ANTARCTIC SEA ICE IS AT A RECORD LOW
Antarctic sea-ice coverage was at a record low in February 2022. But the amount of sea ice varies considerably each year and climate change is not necessarily to blame. On 25 February, sea-ice extent around Antarctica shrank to less than 772,000 square miles for the first time since scientists began recording it in 1979. While warming global temperatures may be a factor, sea ice is highly variable. The shrinking is likely natural, and partly due to strong winds pushing some sea ice farther north into warmer waters.
Sea ice is frozen seawater that floats on the ocean. Unlike icebergs and other ice formations that break away from land, sea ice forms on the ocean and is usually covered in snow. The new data captured the annual late-summer minimum sea-ice extent, which gives a measurement of the area of ocean that has sea ice when coverage is at its lowest for the year after the ice melts.
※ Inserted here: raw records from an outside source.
(* Let $a>1$, $\sigma^2>0$, $d\in(0,\frac{\sigma^2}{a^2-1})$, $Z_i$ i.i.d. $\mathcal{N}(0,\sigma^2)$, $U_0=0$, $U_i=aU_{i-1}+Z_i$. Let $\theta>0$ solve $d=\frac1{2\pi}\int_{-\pi}^{\pi}\min(\theta,\sigma^2/g(w))dw$ with $g(w)=1+a^2-2a\cos w$, and let $d_n=\frac1n\sum_{i=1}^n\min(\theta,\sigma_{n,i}^2)$. Then there are positive constants $C_1,C_2$ such that for all $n\ge1$, $$\left|\frac1n\mathbb{E}[\jmath_{U_1^n}(U_1^n,d_n)]-\mathbb{R}_U(d)\right|\le\frac{C_1}n,\qquad \left|\frac1n\mathrm{Var}[\jmath_{U_1^n}(U_1^n,d_n)]-\mathbb{V}_U(d)\right|\le\frac{C_2}n,$$ where $\mathbb{R}_U(d)=\frac1{2\pi}\int_{-\pi}^{\pi}\frac12\log\max(g(w),\sigma^2/\theta)dw$ and $\mathbb{V}_U(d)=\frac1{4\pi}\int_{-\pi}^{\pi}\min[1,(\sigma^2/(\theta g(w)))^2]dw$.
   Context: $\mathsf{F}$: $n\times n$ lower-triangular, ones on the diagonal, $-a$ on the first subdiagonal, zeros elsewhere; $\mu_{n,1}\le\cdots\le\mu_{n,n}$ eigenvalues of $\mathsf{F}'\mathsf{F}$; $\sigma_{n,i}^2=\sigma^2/\mu_{n,i}$; $\mathsf{S}$ orthogonal with $\mathsf{S}'(\mathsf{F}'\mathsf{F})^{-1}\mathsf{S}=\mathrm{diag}(1/\mu_{n,i})$, $x_1^n=\mathsf{S}'u_1^n$. For a distortion level $\delta$ with $n$-th order water level $\vartheta>0$ (i.e. $\delta=\frac1n\sum\min(\vartheta,\sigma_{n,i}^2)$), the $\mathsf{d}$-tilted information is $\jmath_{U_1^n}(u_1^n,\delta)=\sum_{i=1}^n\frac{\min(\vartheta,\sigma_{n,i}^2)}{2\vartheta}(\frac{x_i^2}{\sigma_{n,i}^2}-1)+\frac12\sum_{i=1}^n\log\frac{\max(\vartheta,\sigma_{n,i}^2)}{\vartheta}$. In particular the water level of $d_n$ is $\theta$. *)

theory Defs
  imports "HOL-Probability.Probability" "Jordan_Normal_Form.Matrix"
begin

definition Fmat :: "real \<Rightarrow> nat \<Rightarrow> real mat" where
  "Fmat a n = mat n n (\<lambda>(i, j). if i = j then 1 else if i = Suc j then - a else 0)"

definition inv_of_mat :: "real mat \<Rightarrow> real mat" where
  "inv_of_mat A = (SOME B. B \<in> carrier_mat (dim_row A) (dim_row A) \<and> inverts_mat A B \<and> inverts_mat B A)"

fun AR :: "real \<Rightarrow> (nat \<Rightarrow> 'a \<Rightarrow> real) \<Rightarrow> nat \<Rightarrow> 'a \<Rightarrow> real" where
  "AR a Z 0 \<omega> = 0"
| "AR a Z (Suc i) \<omega> = a * AR a Z i \<omega> + Z (Suc i) \<omega>"

text \<open>d-tilted information with water level wl, given the coordinates x_i (i < n)
  and the variances s_i = sigma_{n,i}^2.\<close>
definition jtilted :: "nat \<Rightarrow> (nat \<Rightarrow> real) \<Rightarrow> real \<Rightarrow> (nat \<Rightarrow> real) \<Rightarrow> real" where
  "jtilted n s wl x =
     (\<Sum>i<n. min wl (s i) / (2 * wl) * ((x i)\<^sup>2 / s i - 1))
     + 1/2 * (\<Sum>i<n. ln (max wl (s i) / wl))"

definition gfun :: "real \<Rightarrow> real \<Rightarrow> real" where
  "gfun a w = 1 + a\<^sup>2 - 2 * a * cos w"

end

theory Submission
  imports Defs "Jordan_Normal_Form.Determinant"
begin

(*
  Write G = F'F.  Its inverse is L L', where L = F^-1 is the lower triangular matrix of
  powers of a; hence U = L Z and the coordinates x = S'U are centred Gaussians with
  covariance diag(sigma^2 / mu_i).  The tilted information is an affine function of
  sum_i c_i x_i^2, so by Isserlis' formula its mean and variance are sums sum_i h(mu_i),
  with h(t) = 1/2 log max(t, sigma^2/theta) for the mean (the terms log mu_i cancel because
  det F = 1) and h(t) = 1/2 min(1, (sigma^2/(theta t))^2) for the variance.

  For each root w of sin((n+1)w) = a sin(nw) the vector (sin((l+1)w))_l is an eigenvector
  of G with eigenvalue g(w), and there is such a root in every interval
  (k pi/n, (k+1) pi/n) with 1 <= k <= n-2.  So the sorted eigenvalues interlace the samples
  g(k pi/n), and sum_i h(mu_i) differs from a Riemann sum of the monotone function h o g by
  O(1), i.e. from (n / 2 pi) times the integral of h o g over [-pi, pi] by O(1).
*)

section \<open>Riemann sums of monotone functions\<close>

lemma integral_bounds_mono_on:
  fixes f :: "real \<Rightarrow> real"
  assumes mono: "mono_on {x..y} f" and cont: "continuous_on {x..y} f" and "x \<le> y"
  shows "f x * (y - x) \<le> integral {x..y} f" "integral {x..y} f \<le> f y * (y - x)"
proof -
  have int: "f integrable_on {x..y}"
    by (rule integrable_continuous_interval[OF cont])
  have "integral {x..y} (\<lambda>_. f x) \<le> integral {x..y} f"
    by (rule integral_le[OF _ int]) (use assms in \<open>auto intro: mono_onD\<close>)
  then show "f x * (y - x) \<le> integral {x..y} f" using \<open>x \<le> y\<close> by (simp add: mult.commute)
  have "integral {x..y} f \<le> integral {x..y} (\<lambda>_. f y)"
    by (rule integral_le[OF int]) (use assms in \<open>auto intro: mono_onD\<close>)
  then show "integral {x..y} f \<le> f y * (y - x)" using \<open>x \<le> y\<close> by (simp add: mult.commute)
qed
Sea ice varies from year to year, and researchers have not found a statistically significant trend in one direction or another using satellite data.
This year was the lowest minimum sea-ice extent on record, but the highest minimum sea-ice extent was recorded in 2015. Satellite images of the Arctic show a clear, linear sea-ice decline over the past 44 years. A comparison of satellite records from February 1979 and February 2022 showed that Arctic sea-ice extent has declined by 703,000 square miles.